During the second half of the last century, it was very common to feed bone meal (which basically consits of grinded leftovers from slaughtering) to cattle als a protein supplement.It was used as a cheap alternative to the more expensice "vegetarian" protein supplement which is ususally soy beans.
 In 1986 the first animal fell ill to the beforehand completely unknown BSE in the UK. It is nowadays supposed that insufficiently sterilized bone meal caused a transmission of infectious prion proteins to cattle. Usually the bone meal has to be heated before it gets fed to the animals but in the UK these restrictions were lower than in other countries, which may explain why the disease broke out there first. There are also some theories that suggest that the scrapie prion (scrapie is a form of spongiform encephalopathy in sheep and goats) contaminated the bone meal.
So anyway, there were more and more cases of BSE in the UK, and many animals had to preventively slaughtered and burned to avoid further spread of the disease. However, over the time a new disease developed in humans, which, in retrospective, was probably caused by the consumption of contaminated beef.
This new disease in humans was called variant Creutzfeld-Jacob-Disease or vCJD due to its striking resemblance to the Creutzfeld-Jacob-Disease that was for a long time known in elderly people. But the new, vCJD also occured in young people (around 30 years).
This shows that prion-diseases are not specific to a certain host - transmission between different species is possible. The actual nature of a prion would explain this quite well - since it is an infectious agent that is nothing like a bacterium or virus, without any genetic material, it may be hazardous to any host as long as there are other proteins in this host that can be changed to their wrong conformation.

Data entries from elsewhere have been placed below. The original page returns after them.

lemma frob2_add:
  assumes "A \<in> carrier_mat n m" "B \<in> carrier_mat n m"
  shows "frob2 (A + B) = frob2 A + frob2 B + 2 * Re (frob_inner B A)"
proof -
  have "(cmod (a + b))\<^sup>2 = (cmod a)\<^sup>2 + (cmod b)\<^sup>2 + 2 * Re (b * cnj a)" for a b
    unfolding cmod_power2 by (simp add: power2_eq_square algebra_simps)
  then show ?thesis
    using assms by (simp add: frob2_def frob_inner_def sum.distrib sum_distrib_left)
qed

lemma frob2_nonneg: "frob2 A \<ge> 0"
  by (simp add: frob2_def sum_nonneg)

section \<open>The orthogonal Procrustes problem\<close>

lemma Re_frob_inner_real_diagonal_left:
  assumes S: "S \<in> carrier_mat L L" and diag: "\<forall>i<L. \<forall>j<L. i \<noteq> j \<longrightarrow> S $$ (i,j) = 0"
    and real: "\<forall>i<L. S $$ (i,i) \<in> \<real>"
  shows "Re (frob_inner S W) = (\<Sum>i<L. Re (S $$ (i,i)) * Re (W $$ (i,i)))"
proof -
  have "Re (S $$ (i,i) * cnj (W $$ (i,i))) = Re (S $$ (i,i)) * Re (W $$ (i,i))" if "i < L" for i
    using real that by (auto elim!: Reals_cases)
  then show ?thesis
    unfolding frob_inner_diagonal_left[OF S diag] Re_sum by (intro sum.cong) auto
qed

lemma frob_inner_svd_left:
  assumes svd: "is_svd L M U S V" and Y: "Y \<in> carrier_mat L L"
  shows "frob_inner M Y = frob_inner S (ctrans U * Y * V)"
proof -
  have U: "U \<in> carrier_mat L L" and V: "V \<in> carrier_mat L L" and S: "S \<in> carrier_mat L L"
    and M: "M = U * S * ctrans V"
    using svd by (auto simp: is_svd_def unitary_mat_def)
  have "frob_inner M Y = frob_inner (U * (S * ctrans V)) Y"
    using M U S V by (simp add: assoc_mult_mat[of _ L L _ L _ L])
  also have "\<dots> = frob_inner (S * ctrans V) (ctrans U * Y)"
    using U S V Y by (intro frob_inner_mult_left) auto
  also have "\<dots> = frob_inner S (ctrans U * Y * V)"
    using S V U Y by (subst frob_inner_mult_right) auto
  finally show ?thesis .
qed

text \<open>Von Neumann's argument: with \<open>W = U\<^sup>H X V\<close> unitary,
\<open>Re \<langle>X, M\<rangle> = \<Sum>\<^sub>i s\<^sub>i Re W\<^sub>i\<^sub>i\<close> and every \<open>Re W\<^sub>i\<^sub>i \<le> 1\<close>, with equality for \<open>X = U V\<^sup>H\<close>.\<close>

lemma svd_polar_factor_maximizes:
  assumes svd: "is_svd L M U S V" and X: "unitary_mat L X"
  shows "Re (frob_inner X M) \<le> Re (frob_inner (U * ctrans V) M)"
proof -
  have uU: "unitary_mat L U" and uV: "unitary_mat L V" and S: "S \<in> carrier_mat L L"
    and diag: "\<forall>i<L. \<forall>j<L. i \<noteq> j \<longrightarrow> S $$ (i,j) = 0"
    and sv: "\<forall>i<L. S $$ (i,i) \<in> \<real> \<and> Re (S $$ (i,i)) \<ge> 0"
    and M: "M = U * S * ctrans V"
    using svd by (auto simp: is_svd_def)
  have U: "U \<in> carrier_mat L L" and V: "V \<in> carrier_mat L L" and Xc: "X \<in> carrier_mat L L"
    using uU uV X by (simp_all add: unitary_mat_carrier)
  have Mc: "M \<in> carrier_mat L L" using M U S V by auto
  note Re_S_inner = Re_frob_inner_real_diagonal_left[OF S diag] sv
  define W where "W = ctrans U * X * V"
  have "unitary_mat L (ctrans U * ctrans (ctrans X) * ctrans (ctrans V))"
    by (intro unitary_mat_mult_ctrans unitary_mat_ctrans uU uV X)
  then have uW: "unitary_mat L W" by (simp add: W_def)
  have polar_one: "ctrans U * (U * ctrans V) * V = 1\<^sub>m L"
  proof -
    have "ctrans U * (U * ctrans V) = (ctrans U * U) * ctrans V"
      using U V by (simp add: assoc_mult_mat[of _ L L _ L _ L])
    then show ?thesis using uU uV V by (simp add: unitary_mat_def)
  qed
  have "Re (frob_inner X M) = Re (frob_inner M X)"
    using frob_inner_cnj_commute[OF Xc Mc] by simp
  also have "\<dots> = (\<Sum>i<L. Re (S $$ (i,i)) * Re (W $$ (i,i)))"
    by (simp add: frob_inner_svd_left[OF svd Xc] Re_S_inner W_def)
  also have "\<dots> \<le> (\<Sum>i<L. Re (S $$ (i,i)))"
  proof (rule sum_mono)
    fix i assume i: "i \<in> {..<L}"
    have "Re (W $$ (i,i)) \<le> 1"
      using unitary_mat_entry_norm_le_1[OF uW] i complex_Re_le_cmod[of "W $$ (i,i)"] by force
    then show "Re (S $$ (i,i)) * Re (W $$ (i,i)) \<le> Re (S $$ (i,i))"
      using sv i by (simp add: mult_left_le)
  qed
  also have "\<dots> = Re (frob_inner M (U * ctrans V))"
    using U V by (simp add: frob_inner_svd_left[OF svd] polar_one Re_S_inner)
  also have "\<dots> = Re (frob_inner (U * ctrans V) M)"
    using U V Mc by (simp add: frob_inner_cnj_commute[of M L L])
  finally show ?thesis .
qed

lemma frob2_polar_update_mono:
  assumes P: "P \<in> carrier_mat n m" and B: "B \<in> carrier_mat n L" and F: "F \<in> carrier_mat L m"
    and Z: "unitary_mat L Z" and svd: "is_svd L (ctrans B * P * ctrans F) U S V"
  shows "frob2 P \<le> frob2 (P + B * (U * ctrans V - Z) * F)"
proof -
  have U: "U \<in> carrier_mat L L" and V: "V \<in> carrier_mat L L" and Zc: "Z \<in> carrier_mat L L"
    using svd Z by (auto simp: is_svd_def unitary_mat_carrier)
  define D where "D = U * ctrans V - Z"
  have D: "D \<in> carrier_mat L L" using U V Zc by (simp add: D_def minus_carrier_mat)
  have "frob_inner (B * D * F) P = frob_inner (B * D) (P * ctrans F)"
    using B D F P by (intro frob_inner_mult_right) auto
  also have "\<dots> = frob_inner D (ctrans B * (P * ctrans F))"
    using B D F P by (intro frob_inner_mult_left) auto
  also have "\<dots> = frob_inner (U * ctrans V) (ctrans B * P * ctrans F)
      - frob_inner Z (ctrans B * P * ctrans F)"
    using B P F U V Zc
    by (simp add: D_def frob_inner_minus_left[of _ L L]
      assoc_mult_mat[of "ctrans B" L n P m "ctrans F" L])
  finally have "0 \<le> Re (frob_inner (B * D * F) P)"
    using svd_polar_factor_maximizes[OF svd Z] by simp
  then have "frob2 P \<le> frob2 P + frob2 (B * D * F) + 2 * Re (frob_inner (B * D * F) P)"
    using frob2_nonneg[of "B * D * F"] by linarith
  also have "\<dots> = frob2 (P + B * D * F)"
    using B D F P by (simp add: frob2_add)
  finally show ?thesis by (simp add: D_def)
qed

lemma blkdiag_dim [simp]: "dim_row (blkdiag G L T) = G * L" "dim_col (blkdiag G L T) = G * L"
  by (simp_all add: blkdiag_def)

lemma col_block_dim [simp]: "dim_row (col_block L HB g) = dim_row HB" "dim_col (col_block L HB g) = L"
  by (simp_all add: col_block_def)

lemma row_block_dim [simp]: "dim_row (row_block L HF g) = L" "dim_col (row_block L HF g) = dim_col HF"
  by (simp_all add: row_block_def)

lemma blkdiag_carrier [simp]: "blkdiag G L T \<in> carrier_mat (G * L) (G * L)"
  by (rule carrier_matI) simp_all

lemma col_block_carrier: "HB \<in> carrier_mat n m \<Longrightarrow> col_block L HB g \<in> carrier_mat n L"
  by (rule carrier_matI) simp_all

lemma row_block_carrier: "HF \<in> carrier_mat n m \<Longrightarrow> row_block L HF g \<in> carrier_mat L m"
  by (rule carrier_matI) simp_all

lemma blkdiag_cong: "(\<And>k. k < G \<Longrightarrow> T k = T' k) \<Longrightarrow> blkdiag G L T = blkdiag G L T'"
  unfolding blkdiag_def by (intro eq_matI) (auto simp: less_mult_imp_div_less)

lemma blkdiag_minus:
  assumes "\<And>k. k < G \<Longrightarrow> T k \<in> carrier_mat L L \<and> T' k \<in> carrier_mat L L"
  shows "blkdiag G L T' - blkdiag G L T = blkdiag G L (\<lambda>k. T' k - T k)"
proof (rule eq_matI)
  fix i j
  assume "i < dim_row (blkdiag G L (\<lambda>k. T' k - T k))"
    and "j < dim_col (blkdiag G L (\<lambda>k. T' k - T k))"
  then have "i < G * L" "j < G * L" by auto
  moreover from this have "0 < L" by (cases "L = 0") auto
  ultimately show "(blkdiag G L T' - blkdiag G L T) $$ (i,j) = blkdiag G L (\<lambda>k. T' k - T k) $$ (i,j)"
    using assms[of "i div L"] by (auto simp: blkdiag_def less_mult_imp_div_less)
qed auto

The crazy thing about this is that there also seems to be some genetic influence on how these diseases develop.
Certain genes were associated with prion diseases such as CJD in humans but also scrapie in sheep. However, there were secluded groups of sheep found in New Zealand, which had the mutation for scrapie (which basically means that they were 100% likely to express the faulty protein) BUT they did not show any symptoms of the disease!
So this means that they had to mutation for scrapie, but had no scrapie.Therefore it is believed right now, that the method of spread of prion diseases (at least scrapie) is a combination of a genetic "likeliness" to fall ill with disease, and coming in contact with an infectious agent, like it happend at some point to the humans who ate contaminated beef.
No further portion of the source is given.